__What you will do__.
Copy each line of the entries beneath that contains the word "unfolding".

Saved entries
^^^^

(* Let $F:\mathbb{R}^d\to\mathbb{R}^d$ be smooth and consider $\dot{x}=F(x)$. For a time step $h_n>0$, the scheme $$x_{n+1}=x_n+\big(e^{h_nF'(x_n)}-1\big)\big(F'(x_n)\big)^{-1}F(x_n),$$ which is the scheme $x_{n+1}=x_n+\delta(\bar x,h_n)F(x_n)$ with $\delta(\bar x,h)=\big(e^{hF'(\bar x)}-1\big)\big(F'(\bar x)\big)^{-1}$ and $\bar x=x_n$, is locally exact: for every $n$ it is locally exact at $\bar x=x_n$.
   Context: $F'(x)$ denotes the Jacobian matrix of $F$. Throughout, $F'(\bar x)$ is assumed invertible at the points $\bar x$ considered, and $1$ denotes the identity matrix. The linearization of $\dot{x}=F(x)$ around $\bar x$ is $\dot\xi=F'(\bar x)\xi+F(\bar x)$ with $\xi=x-\bar x$. Its exact discretization with step $h_n$ is $$\xi_{n+1}=e^{h_nF'(\bar x)}\xi_n+\big(e^{h_nF'(\bar x)}-1\big)F'(\bar x)^{-1}F(\bar x).$$ Consider a scheme $x_{n+1}-x_n=\delta(\bar x,h_n)\,\Psi(x_n,x_{n+1})$ in which the matrix $\delta$ depends only on $\bar x$ and $h_n$. Its linearization at $\bar x$ is obtained as follows: - substitute $x_n=\bar x+\xi_n$ and $x_{n+1}=\bar x+\xi_{n+1}$; - keep $\delta(\bar x,h_n)$ fixed; - retain only terms up to first order in $\xi_n,\xi_{n+1}$. The scheme is locally exact at $\bar x$ if this linear relation coincides with the exact discretization above. It is locally exact if there is a sequence $\bar x_n$ with $\bar x_n-x_n=O(h_n)$ such that, for every $n$, the scheme is locally exact at $\bar x_n$. *)

theory Defs
  imports "HOL-Analysis.Analysis"
begin

fun matpow :: "real^'n^'n \<Rightarrow> nat \<Rightarrow> real^'n^'n" where
  "matpow A 0 = mat 1"
| "matpow A (Suc k) = A ** matpow A k"

definition mat_exp :: "real^'n^'n \<Rightarrow> real^'n^'n" where
  "mat_exp A = (\<Sum>k. (1 / fact k) *\<^sub>R matpow A k)"

text \<open>Exact discretization (step h) of the linearization of x' = F(x) around xb,
  where J xb is the Jacobian F'(xb):
  xi_{n+1} = e^{h J} xi_n + (e^{h J} - 1) J^{-1} F(xb).\<close>

definition exact_step ::
  "(real^'n \<Rightarrow> real^'n) \<Rightarrow> (real^'n \<Rightarrow> real^'n^'n) \<Rightarrow> real^'n \<Rightarrow> real \<Rightarrow> real^'n \<Rightarrow> real^'n" where
  "exact_step F J xb h \<xi> =
     mat_exp (h *\<^sub>R J xb) *v \<xi> + (mat_exp (h *\<^sub>R J xb) - mat 1) *v (matrix_inv (J xb) *v F xb)"

text \<open>The scheme x_{n+1} - x_n = \<delta>(xb,h) \<Psi>(x_n,x_{n+1}) is locally exact at xb (for step h):
  its linearization at xb (substitute x_n = xb + \<xi>_n, x_{n+1} = xb + \<xi>_{n+1}, keep \<delta>(xb,h) fixed,
  keep first-order terms of \<Psi>, i.e. \<Psi>(xb,xb) + D\<Psi>(xb,xb)(\<xi>_n,\<xi>_{n+1})) defines exactly the
  same relation between \<xi>_n and \<xi>_{n+1} as the exact discretization.\<close>

definition locally_exact_at ::
  "(real^'n \<Rightarrow> real^'n) \<Rightarrow> (real^'n \<Rightarrow> real^'n^'n) \<Rightarrow> (real^'n \<Rightarrow> real \<Rightarrow> real^'n^'n)
    \<Rightarrow> (real^'n \<Rightarrow> real^'n \<Rightarrow> real^'n) \<Rightarrow> real^'n \<Rightarrow> real \<Rightarrow> bool" where
  "locally_exact_at F J \<delta> \<Psi> xb h \<longleftrightarrow>
     (\<exists>L. ((\<lambda>p. \<Psi> (fst p) (snd p)) has_derivative L) (at (xb, xb)) \<and>
          (\<forall>\<xi>0 \<xi>1. (\<xi>1 - \<xi>0 = \<delta> xb h *v (\<Psi> xb xb + L (\<xi>0, \<xi>1)))
                   \<longleftrightarrow> \<xi>1 = exact_step F J xb h \<xi>0))"

end

theory Submission
  imports Defs
begin

text \<open>The linearization of the scheme at \<open>xb\<close> is the affine relation
  \<open>\<xi>\<^sub>1 - \<xi>\<^sub>0 = \<delta> (F xb + F'(xb) \<xi>\<^sub>0)\<close>. With \<open>\<delta> = (E - 1) F'(xb)\<inverse>\<close> and
  \<open>E = e\<^bsup>h F'(xb)\<^esup>\<close>, the factor \<open>F'(xb)\<inverse> F'(xb)\<close> cancels in the linear part, which
  becomes \<open>(E - 1) \<xi>\<^sub>0\<close>; moving \<open>\<xi>\<^sub>0\<close> across gives precisely the exact discretization.
  Nothing about the exponential beyond its being some matrix \<open>E\<close> is needed.\<close>

lemma matrix_inv_left:
  fixes A :: "real^'n^'n"
  assumes "invertible A"
  shows "matrix_inv A ** A = mat 1"
proof -
  have "\<exists>A'. A ** A' = mat 1 \<and> A' ** A = mat 1"
    using assms unfolding invertible_def by blast
  then have "A ** matrix_inv A = mat 1 \<and> matrix_inv A ** A = mat 1"
    unfolding matrix_inv_def by (rule someI_ex)
  then show ?thesis by simp
qed

lemma has_derivative_fst_compose:
  assumes "(f has_derivative f') (at a)"
  shows "((\<lambda>p. f (fst p)) has_derivative (\<lambda>p. f' (fst p))) (at (a, b))"
  using has_derivative_compose[OF has_derivative_fst[OF has_derivative_ident]] assms
  by (metis fst_conv)

lemma affine_step_iff_exact_step:
  fixes A E :: "real^'n^'n"
  assumes "invertible A"
  shows "\<xi>\<^sub>1 - \<xi>\<^sub>0 = ((E - mat 1) ** matrix_inv A) *v (f + A *v \<xi>\<^sub>0)
     \<longleftrightarrow> \<xi>\<^sub>1 = E *v \<xi>\<^sub>0 + (E - mat 1) *v (matrix_inv A *v f)"
proof -
  have "((E - mat 1) ** matrix_inv A) *v (f + A *v \<xi>\<^sub>0)
      = (E - mat 1) *v (matrix_inv A *v f) + (E - mat 1) *v ((matrix_inv A ** A) *v \<xi>\<^sub>0)"
    by (simp add: matrix_vector_right_distrib matrix_vector_mul_assoc[symmetric])
  also have "\<dots> = (E - mat 1) *v (matrix_inv A *v f) + E *v \<xi>\<^sub>0 - \<xi>\<^sub>0"
    by (simp add: matrix_inv_left[OF assms] matrix_vector_mult_diff_rdistrib)
  finally have linearized: "((E - mat 1) ** matrix_inv A) *v (f + A *v \<xi>\<^sub>0)
      = (E - mat 1) *v (matrix_inv A *v f) + E *v \<xi>\<^sub>0 - \<xi>\<^sub>0" .
  have "\<And>a b c d :: real^'n. a - b = c + d - b \<longleftrightarrow> a = d + c"
    by (auto simp: algebra_simps)
  then show ?thesis
    unfolding linearized .
qed

lemma locally_exact_at_exponential_scheme:
  assumes "(F has_derivative (\<lambda>v. J xb *v v)) (at xb)"
    and "invertible (J xb)"
  shows "locally_exact_at F J (\<lambda>y s. (mat_exp (s *\<^sub>R J y) - mat 1) ** matrix_inv (J y))
           (\<lambda>u v. F u) xb h"
  unfolding locally_exact_at_def exact_step_def
proof (intro exI conjI allI)
  show "((\<lambda>p. F (fst p)) has_derivative (\<lambda>p. J xb *v fst p)) (at (xb, xb))"
    using has_derivative_fst_compose[OF assms(1)] .
qed (simp add: affine_step_iff_exact_step[OF assms(2)])

theorem corollary4p1:
  fixes F :: "real^'n \<Rightarrow> real^'n"
    and J :: "real^'n \<Rightarrow> real^'n^'n"
    and x :: "nat \<Rightarrow> real^'n"
    and h :: "nat \<Rightarrow> real"
  assumes jacobian: "\<forall>y. (F has_derivative (\<lambda>v. J y *v v)) (at y)"
    and invertible: "\<forall>n. invertible (J (x n))"
    and step_pos: "\<forall>n. h n > 0"
    and scheme: "\<forall>n. x (Suc n) = x n +
          ((mat_exp (h n *\<^sub>R J (x n)) - mat 1) ** matrix_inv (J (x n))) *v F (x n)"
  shows "\<forall>n. locally_exact_at F J
            (\<lambda>xb s. (mat_exp (s *\<^sub>R J xb) - mat 1) ** matrix_inv (J xb))
            (\<lambda>u v. F u) (x n) (h n)"
  using jacobian invertible locally_exact_at_exponential_scheme by blast

end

^^^^

__Task response__.
    using assms unfolding invertible_def by blast
    unfolding matrix_inv_def by (rule someI_ex)
    unfolding linearized .
  unfolding locally_exact_at_def exact_step_def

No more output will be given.